Output format and style

The final block typically specifies tone, length, formatting conventions (Markdown vs plain text, bullet vs prose), and any required structure such as JSON schemas. Custom GPTs frequently use this section to enforce a particular voice ("sound like a 1950s radio host") or domain conventions ("always cite sources by ID number").

Component summary

ComponentPurposeTypical example
PersonaIdentity and self-reference"You are Claude, created by Anthropic"
Date and contextProvide current date, location"The current date is 2026-04-28"
CapabilitiesDeclare what the assistant can do"You can browse the web and run Python code"
ToolsProvide function/tool schemasJSON definitions of callable functions
Knowledge boundariesState knowledge cutoff and refresh policy"Knowledge cutoff: October 2024"
RestrictionsHard and soft safety policies"Refuse to produce CSAM under any circumstances"
Output formatLength, structure, Markdown rules"Respond in Markdown; keep replies under 200 words"
Tone and persona traitsCommunication style"Be warm, curious, and direct"
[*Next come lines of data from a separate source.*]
lemma emeasure_prod_emb_Pi_pmf:
  fixes X :: "('i \<Rightarrow> 'a::countable) set" and Q :: "'i \<Rightarrow> 'a pmf"
  assumes J: "finite J" "J \<subseteq> I" and X: "X \<subseteq> PiE J (\<lambda>_. UNIV)"
  shows "prod_emb I (\<lambda>i. measure_pmf (Q i)) J X \<in> sets (PiM I (\<lambda>i. measure_pmf (Q i)))"
    and "emeasure (PiM I (\<lambda>i. measure_pmf (Q i))) (prod_emb I (\<lambda>i. measure_pmf (Q i)) J X)
         = emeasure (measure_pmf (Pi_pmf J undefined Q)) X"
proof -
  interpret product_prob_space "\<lambda>i. measure_pmf (Q i)" I
    by (intro product_prob_spaceI) (simp add: measure_pmf.prob_space_axioms)
  note X_countable = countable_in_sets_PiM(1)[OF J(1) X]
  note X_sets = countable_in_sets_PiM(2)[OF J(1) X, where Q=Q]
  show "prod_emb I (\<lambda>i. measure_pmf (Q i)) J X \<in> sets (PiM I (\<lambda>i. measure_pmf (Q i)))"
    by (rule measurable_prod_emb[OF J(2) X_sets])
  have point: "emeasure (PiM J (\<lambda>i. measure_pmf (Q i))) {g}
      = emeasure (measure_pmf (Pi_pmf J undefined Q)) {g}" if "g \<in> X" for g
  proof -
    have gE: "g \<in> PiE J (\<lambda>_. UNIV)" using that X by auto
    have "emeasure (PiM J (\<lambda>i. measure_pmf (Q i))) {g} = (\<Prod>j\<in>J. emeasure (measure_pmf (Q j)) {g j})"
      unfolding singleton_eq_PiE[OF gE] by (rule emeasure_PiM) (use J in auto)
    also have "\<dots> = ennreal (\<Prod>j\<in>J. pmf (Q j) (g j))"
      by (simp add: emeasure_pmf_single prod_ennreal)
    also have "\<dots> = ennreal (pmf (Pi_pmf J undefined Q) g)"
      using gE J by (subst pmf_Pi') (auto simp: PiE_iff extensional_def)
    finally show ?thesis by (simp add: emeasure_pmf_single)
  qed
  have "emeasure (PiM I (\<lambda>i. measure_pmf (Q i))) (prod_emb I (\<lambda>i. measure_pmf (Q i)) J X)
        = emeasure (PiM J (\<lambda>i. measure_pmf (Q i))) X"
    using emeasure_PiM_emb'[OF J(2) J(1) X_sets] by simp
  also have "\<dots> = (\<integral>\<^sup>+g. emeasure (PiM J (\<lambda>i. measure_pmf (Q i))) {g} \<partial>count_space X)"
    by (rule emeasure_countable_singleton[OF _ X_countable])
       (intro countable_in_sets_PiM(2)[OF J(1)], use X in auto)
  also have "\<dots> = (\<integral>\<^sup>+g. emeasure (measure_pmf (Pi_pmf J undefined Q)) {g} \<partial>count_space X)"
    by (rule nn_integral_cong) (simp add: point)
  also have "\<dots> = emeasure (measure_pmf (Pi_pmf J undefined Q)) X"
    by (rule emeasure_countable_singleton[symmetric, OF _ X_countable]) simp
  finally show "emeasure (PiM I (\<lambda>i. measure_pmf (Q i))) (prod_emb I (\<lambda>i. measure_pmf (Q i)) J X)
         = emeasure (measure_pmf (Pi_pmf J undefined Q)) X" .
qed
lemma app_closureE:
  assumes "(M, N) \<in> app_closure R R'"
  obtains E F Ms Ns where "M = apps E Ms" "N = apps F Ns" "(E, F) \<in> R"
    "list_all2 (\<lambda>M N. (M, N) \<in> R') Ms Ns"
  using assms unfolding app_closure_def by blast

lemma app_closure_base: "R \<subseteq> app_closure R R'"
  using app_closureI[where Ms = "[]" and Ns = "[]"] by auto

lemma app_closure_snoc:
  assumes "(A, C) \<in> app_closure R R'" "(B, D) \<in> R'"
  shows "(App A B, App C D) \<in> app_closure R R'"
proof -
  obtain E F Ms Ns where "A = apps E Ms" "C = apps F Ns" "(E, F) \<in> R"
    "list_all2 (\<lambda>M N. (M, N) \<in> R') Ms Ns"
    using assms(1) by (rule app_closureE)
  then show ?thesis
    using app_closureI[where Ms = "Ms @ [B]" and Ns = "Ns @ [D]"] assms(2)
    by (simp add: apps_def list_all2_appendI)
qed

text \<open>The applicative closure commutes with converse (needed to swap the halves).\<close>
lemma app_closure_converse_le:
  "converse (app_closure R R') \<subseteq> app_closure (converse R) (converse R')"
proof (rule subrelI)
  fix M N assume "(M, N) \<in> converse (app_closure R R')"
  then obtain E F Ms Ns where MN: "N = apps E Ms" "M = apps F Ns" "(E, F) \<in> R"
    and args: "list_all2 (\<lambda>M N. (M, N) \<in> R') Ms Ns"
    by (auto elim: app_closureE)
  from args have "list_all2 (\<lambda>M N. (M, N) \<in> converse R') Ns Ms"
    by (simp add: list_all2_conv_all_nth)
  with MN show "(M, N) \<in> app_closure (converse R) (converse R')"
    by (simp add: app_closureI)
qed

lemma app_closure_converse:
  "app_closure (converse R) (converse R') = converse (app_closure R R')"
  using app_closure_converse_le[of R R'] app_closure_converse_le[of "converse R" "converse R'"]
  by auto

lemma app_closure_mono: "R \<subseteq> S \<Longrightarrow> R' \<subseteq> S' \<Longrightarrow> app_closure R R' \<subseteq> app_closure S S'"
  unfolding app_closure_def by (fastforce elim: list_all2_mono)

lemma app_closure_closed:
  assumes "R \<subseteq> closed_pairs" "R' \<subseteq> closed_pairs"
  shows "app_closure R R' \<subseteq> closed_pairs"
proof (rule subrelI)
  fix M N assume "(M, N) \<in> app_closure R R'"
  then obtain E F Ms Ns where MN: "M = apps E Ms" "N = apps F Ns" "(E, F) \<in> R"
    "list_all2 (\<lambda>M N. (M, N) \<in> R') Ms Ns"
    by (rule app_closureE)
  then have "\<forall>m\<in>set Ms. closed m" "\<forall>n\<in>set Ns. closed n"
    using assms(2) by (fastforce simp: list_all2_conv_all_nth in_set_conv_nth)+
  then show "(M, N) \<in> closed_pairs"
    using MN assms(1) by (auto simp: closed_def closedn_apps)
qed

section \<open>One-sided progression\<close>

definition arg_compat :: "rel \<Rightarrow> rel \<Rightarrow> trm \<Rightarrow> trm \<Rightarrow> bool" where
  "arg_compat R1 S2 P Q \<longleftrightarrow>
     (\<forall>X Y. (X, Y) \<in> ctx_closure R1 \<longrightarrow> (subst P X 0, subst Q Y 0) \<in> S2)"

text \<open>The clauses (i) and (ii) of progression, for one pair, from left to right.\<close>
definition sim_pair :: "rel \<Rightarrow> rel \<Rightarrow> trm \<Rightarrow> trm \<Rightarrow> bool" where
  "sim_pair R1 S2 M N \<longleftrightarrow>
     (\<forall>M'. cbn M M' \<longrightarrow> (\<exists>N'. cbn_star N N' \<and> (M', N') \<in> S2)) \<and>
     (\<forall>P. M = Lam P \<longrightarrow> (\<exists>Q. cbn_star N (Lam Q) \<and> arg_compat R1 S2 P Q))"

definition simulates :: "crel \<Rightarrow> crel \<Rightarrow> bool" where
  "simulates R S \<longleftrightarrow> (\<forall>(M, N) \<in> snd R. sim_pair (fst R) (snd S) M N)"

text \<open>Componentwise converse; it exchanges the two halves of progression.\<close>
definition flip :: "crel \<Rightarrow> crel" where
  "flip R = (converse (fst R), converse (snd R))"

lemma arg_compat_mono:
  "arg_compat R1 S2 P Q \<Longrightarrow> ctx_closure R1' \<subseteq> ctx_closure R1 \<Longrightarrow> S2 \<subseteq> S2'
   \<Longrightarrow> arg_compat R1' S2' P Q"
  unfolding arg_compat_def by blast

lemma sim_pair_mono:
  assumes "sim_pair R1 S2 M N" "R1' \<subseteq> R1" "S2 \<subseteq> S2'"
  shows "sim_pair R1' S2' M N"
proof -
  have "arg_compat R1 S2 P Q \<Longrightarrow> arg_compat R1' S2' P Q" for P Q
    using arg_compat_mono ctx_closure_mono assms(2,3) by blast
  then show ?thesis
    using assms(1,3) unfolding sim_pair_def by blast
qed

lemma arg_compat_converse:
  "arg_compat (converse R1) (converse S2) Q P \<longleftrightarrow> arg_compat R1 S2 P Q"
  unfolding arg_compat_def ctx_closure_converse by blast

lemma progress_pointwise:
  "progress R S \<longleftrightarrow> (\<forall>(M, N) \<in> snd R.
      sim_pair (fst R) (snd S) M N \<and> sim_pair (converse (fst R)) (converse (snd S)) N M)"
  unfolding progress_def sim_pair_def arg_compat_converse
  by (auto simp: arg_compat_def)

lemma progress_iff_simulates:
  "progress R S \<longleftrightarrow> simulates R S \<and> simulates (flip R) (flip S)"
  unfolding progress_pointwise simulates_def flip_def by auto

text \<open>Bodies related in R1* under contexts are argument compatible into R1*:
  the substitution lemma, plus preservation of closedness.\<close>
lemma arg_compat_ctxr:
  assumes "R1 \<subseteq> closed_pairs" "ctxr R1 P Q" "closed (Lam P)" "closed (Lam Q)"
  shows "arg_compat R1 (ctx_closure R1) P Q"
  unfolding arg_compat_def
proof (intro allI impI)
  fix X Y assume "(X, Y) \<in> ctx_closure R1"
  then have XY: "ctxr R1 X Y" "closed X" "closed Y" by (auto simp: ctx_closure_iff)
  then have "closed (subst P X 0)" "closed (subst Q Y 0)"
    using assms(3,4) by (auto simp: closed_def closedn_subst)
  then show "(subst P X 0, subst Q Y 0) \<in> ctx_closure R1"
    using ctxr_subst[OF assms(1,2) XY(1)] by (simp add: ctx_closure_iff)
qed

section \<open>The closure preserves one-sided progression\<close>

text \<open>T is the second
  component of the closure of S.\<close>
locale closure_setting =
  fixes R1 R2 S1 S2 :: rel
  assumes R1_closed: "R1 \<subseteq> closed_pairs"
    and R1_R2: "R1 \<subseteq> R2"
    and R1_S1: "R1 \<subseteq> S1"
    and sim: "\<And>M N. (M, N) \<in> R2 \<Longrightarrow> sim_pair R1 S2 M N"
begin

abbreviation T :: rel where
  "T \<equiv> app_closure S2 (ctx_closure S1) \<union> ctx_closure S1"

lemma R2_step: "(M, N) \<in> R2 \<Longrightarrow> cbn M M' \<Longrightarrow> \<exists>N'. cbn_star N N' \<and> (M', N') \<in> S2"
  using sim unfolding sim_pair_def by blast

lemma R2_lam: "(Lam P, N) \<in> R2 \<Longrightarrow> \<exists>Q. cbn_star N (Lam Q) \<and> arg_compat R1 S2 P Q"
  using sim unfolding sim_pair_def by blast

text \<open>Argument compatibility into S2 lifts to the closures, since R1** = R1*.\<close>
lemma arg_compat_T:
  assumes "arg_compat R1 S2 P Q"
  shows "arg_compat (ctx_closure R1) T P Q"
  using arg_compat_mono[OF assms ctx_closure_idem] app_closure_base[of S2 "ctx_closure S1"]
  by blast

text \<open>A step inside an R1-context is matched either by a step inside the same
  context, or, when it happens at an R1-pair, by a pair of S2<S1*>.\<close>
lemma ctxr_step:
  "cbn M M' \<Longrightarrow> ctxr R1 M N \<Longrightarrow> closed M \<Longrightarrow> closed N \<Longrightarrow>
   \<exists>N'. cbn_star N N' \<and> ((M', N') \<in> app_closure S2 (ctx_closure S1) \<or> ctxr R1 M' N')"
proof (induction arbitrary: N rule: cbn.induct)
  case (cbn_app A A' B N)
  from cbn_app.prems(1) show ?case
  proof (cases rule: ctxr_AppE)
    case base
    then show ?thesis
      using R2_step R1_R2 cbn.cbn_app[OF cbn_app.hyps] app_closure_base by blast
  next
    case (app C D)
    have closed: "closed A" "closed B" "closed C" "closed D"
      using cbn_app.prems app(1) by (auto simp: closed_def)
    obtain C' where C': "cbn_star C C'"
      "(A', C') \<in> app_closure S2 (ctx_closure S1) \<or> ctxr R1 A' C'"
      using cbn_app.IH[OF app(2) closed(1,3)] by blast
    have "(B, D) \<in> ctx_closure S1"
      using app(3) closed R1_S1 by (auto simp: ctx_closure_iff intro: ctxr_mono)
    then have "(App A' B, App C' D) \<in> app_closure S2 (ctx_closure S1) \<or> ctxr R1 (App A' B) (App C' D)"
      using C'(2) app_closure_snoc app(3) ctxr.ctxr_app by blast
    moreover have "cbn_star N (App C' D)"
      using cbn_star_apps[OF C'(1), of "[D]"] app(1) by simp
    ultimately show ?thesis by blast
  qed
next
  case (cbn_beta P B N)
  from cbn_beta.prems(1) show ?case
  proof (cases rule: ctxr_AppE)
    case base
    then show ?thesis
      using R2_step R1_R2 cbn.cbn_beta app_closure_base by blast
  next
    case (app C D)
    have BD: "(B, D) \<in> ctx_closure R1"
      using cbn_beta.prems app by (auto simp: closed_def ctx_closure_iff)
    from app(2) show ?thesis
    proof (cases rule: ctxr_LamE)
      case base
      then obtain Q where Q: "cbn_star C (Lam Q)" "arg_compat R1 S2 P Q"
        using R2_lam R1_R2 by blast
      have "cbn_star N (subst Q D 0)"
        using cbn_star_apps[OF Q(1), of "[D]"] app(1)
        by (simp add: rtranclp.rtrancl_into_rtrancl cbn.cbn_beta)
      then show ?thesis
        using Q(2) BD app_closure_base unfolding arg_compat_def by blast
    next
      case (lam Q)
      have "cbn_star N (subst Q D 0)"
        using app(1) lam(1) by (simp add: cbn.cbn_beta r_into_rtranclp)
      moreover have "ctxr R1 (subst P B 0) (subst Q D 0)"
        using ctxr_subst[OF R1_closed lam(2) app(3)] .
      ultimately show ?thesis by blast
    qed
  qed
qed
How do providers implement system prompts?

Though the underlying idea is the same, the API surface differs across providers, and the differences matter for portability and prompt injection resistance.

OpenAI ChatML and the developer role

OpenAI's Chat Completions API uses an array of messages, each with a role and content. Through 2024 the recommended pattern was:

{
  "model": "gpt-4o",
  "messages": [
    {"role": "system", "content": "You are a helpful assistant."},
    {"role": "user", "content": "What is the capital of France?"}
  ]
}

With the introduction of the Model Spec and instruction hierarchy in 2024, OpenAI began renaming this role to developer. The Responses API and o1 family accept either name. Platform-level instructions issued by OpenAI itself ("the platform") sit at an even higher level than the developer role and are not directly accessible to API users.[2][11]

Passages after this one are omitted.